GRanges object corresponding to the input coordinate string

Examples

coord_to_grng("chr1:123-456")
coord_to_grng("chr1:1,234-5,678,912")

Convert coordinate string to list of chr,start and end

Description

Convert coordinate string to list of chr,start and end

Usage

coord_to_lst(coord)

Arguments

coord

string in the form of "chr1:123-456" or "chr1:1,234-5,678,912"

Value

a list of 3 elements. Chromosome name, start position and end position.

Examples

coord_to_lst("chr1:123-456")
coord_to_lst("chr1:1,234-5,678,912")

Sample filtering threshold examination plot.

Description

Sample filtering threshold examination plot.

Usage

depth_hist(mtrx, th = 50, title_txt = NULL, smry_fun = max, ...)

Arguments

mtrx

Matrix or data.frame. Rows are positions and columns are samples.

th

Numeric. Sample filtering threshold

title_txt

figure title.

smry_fun

function to calculate summary metric to apply sample filter threshold to

...

additional argument for smry_fun argument.

Value

ggplot2 object

Examples

data(mtrx_samtools_reticulate)
th <- 50
depth_hist(mtrx_samtools_reticulate,th=th,smry_fun=max)
depth_hist(mtrx_samtools_reticulate,th=th,smry_fun = quantile,prob=0.95)
depth_hist(mtrx_samtools_reticulate,th=th,smry_fun = mean)

ELViS : An R Package for Estimating Copy Number Levels of Viral Genome Segments Using Base-Resolution Read Depth Profile.

Description

Base-resolution copy number analysis of viral genome. Utilizes base-resolution read depth data over viral genome to find copy number segments with two-dimensional segmentation approach. Provides publish-ready figures, including histograms of read depths, coverage line plots over viral genome annotated with copy number change events and viral genes, and heatmaps showing multiple types of data with integrative clustering of samples.

Functions

  • get_depth_matrix : Generate a read depth matrix of positions x samples from input BAM files list.

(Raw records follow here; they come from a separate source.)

theorem mainTheorem11:
  fixes \<delta> :: "('x,'k) val \<Rightarrow> nat"
    and I :: "'op \<Rightarrow> ('x,'k) val list \<Rightarrow> ('x,'k) val"
    and C :: "('c,'x,'k) env \<times> ('c,'x,'k,'op,'pv) sys"
  assumes delta_pos: "\<forall>v. closed_val v \<longrightarrow> \<delta> v \<ge> 1"
    and eval_closed: "\<forall>f vs. (\<forall>v\<in>set vs. closed_val v) \<longrightarrow> closed_val (I f vs)"
    and wf: "well_formed C"
    and no_inst: "\<not> (\<exists>C'. red_i \<delta> I C C')"
  shows "\<exists>C''. red_sigma \<delta> I C C''"
proof -
  have "\<not> can_act_instantly \<delta> I (fst C) (snd C)"
  proof
    assume "can_act_instantly \<delta> I (fst C) (snd C)"
    then obtain a W' where "instantaneous a" "trans \<delta> I (fst C) (snd C) a W'"
      by (auto simp: can_act_instantly_def)
    then have "red_i \<delta> I C (upd \<delta> a (fst C), W')"
      unfolding red_i_def instantaneous_def by auto
    with no_inst show False by blast
  qed
  moreover have "can_act_instantly \<delta> I (fst C) (snd C) \<or> (\<exists>W'. trans \<delta> I (fst C) (snd C) ASig W')"
    using wf progress by (auto simp: well_formed_def configuration_def)
  ultimately obtain W' where "trans \<delta> I (fst C) (snd C) ASig W'" by blast
  then have "red_sigma \<delta> I C (upd \<delta> ASig (fst C), W')" by (simp add: red_sigma_def)
  then show ?thesis by blast
qed

end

  • run_ELViS : Run ELViS using input raw depth matrix.

  • raw depth matrix.

Author(s)

Maintainer: Jin-Young Lee [email protected] (ORCID) [copyright holder]

Authors:

Other contributors:

See Also

Useful links:


ELViS Toy Example - Run Result

Description

List containing ELViS run result

Usage

data(ELViS_toy_run_result)

Format

ELViS_toy_run_result

A list of

is_reduced_output

Indicates whether this results is a reduced form

final_output

Final base-resolution segmentation output

final_call

Indices of samples in which copy number variants were detected

new_Y_p2

Normalized read depth


Filtering samples based on summary statistic

Description

Filtering samples based on summary statistic

Usage

filt_samples(mtrx, th = 50, smry_fun = max)

Arguments

mtrx

matrix or data.frame. Rows are positions and columns are samples.

th

Sample filtering threshold (Default : 50)

smry_fun

function to generate summary value of samples, which is used for filtering. (Default : max)

Value

matrix or data.frame. data matrix with low depth samples filtered out.

Examples

data(mtrx_samtools_reticulate)
th<-50
filtered_mtrx <- filt_samples(mtrx_samtools_reticulate,th=th,smry_fun=max)

Gene Copy Number Heatmap

Description

Gene Copy Number Heatmap

Usage

gene_cn_heatmaps(
  X_raw,
  result,
  gff3_fn,
  gene_ref,
  baseline = 1,
  exclude_genes,
  col_cn = colorRamp2(c(0.5, 1, 1.5), c(muted("blue"), "white", muted("red"))),
  heatmap_height = unit(1.5, "in")
)

Arguments

X_raw

Raw depth matrix

result

Run result

gff3_fn

gene annotation file name

gene_ref

The name of the gene to set as reference for relative gene dosage heatmap

baseline

Vector of state numbers to use as baseline for each sample. If it is single integer, then the given state number is used for all samples. (Default : 1)

exclude_genes

name of genes to exclude from the annotation track (Default : NULL)

col_cn

relative gene dosage color palette. (Default : colorRamp2(c(0.5,1,1.5),c(muted("blue"),"white",muted("red"))))

heatmap_height

heatmap height specified using unit function. (Default : unit(1.5,"in"))

Value

a ComplexHeatmap Heatmap List object

Examples

# gff3 gene model file
package_name <- "ELViS"
gff3_fn <- system.file("extdata","HPV16REF_PaVE.gff",package = package_name)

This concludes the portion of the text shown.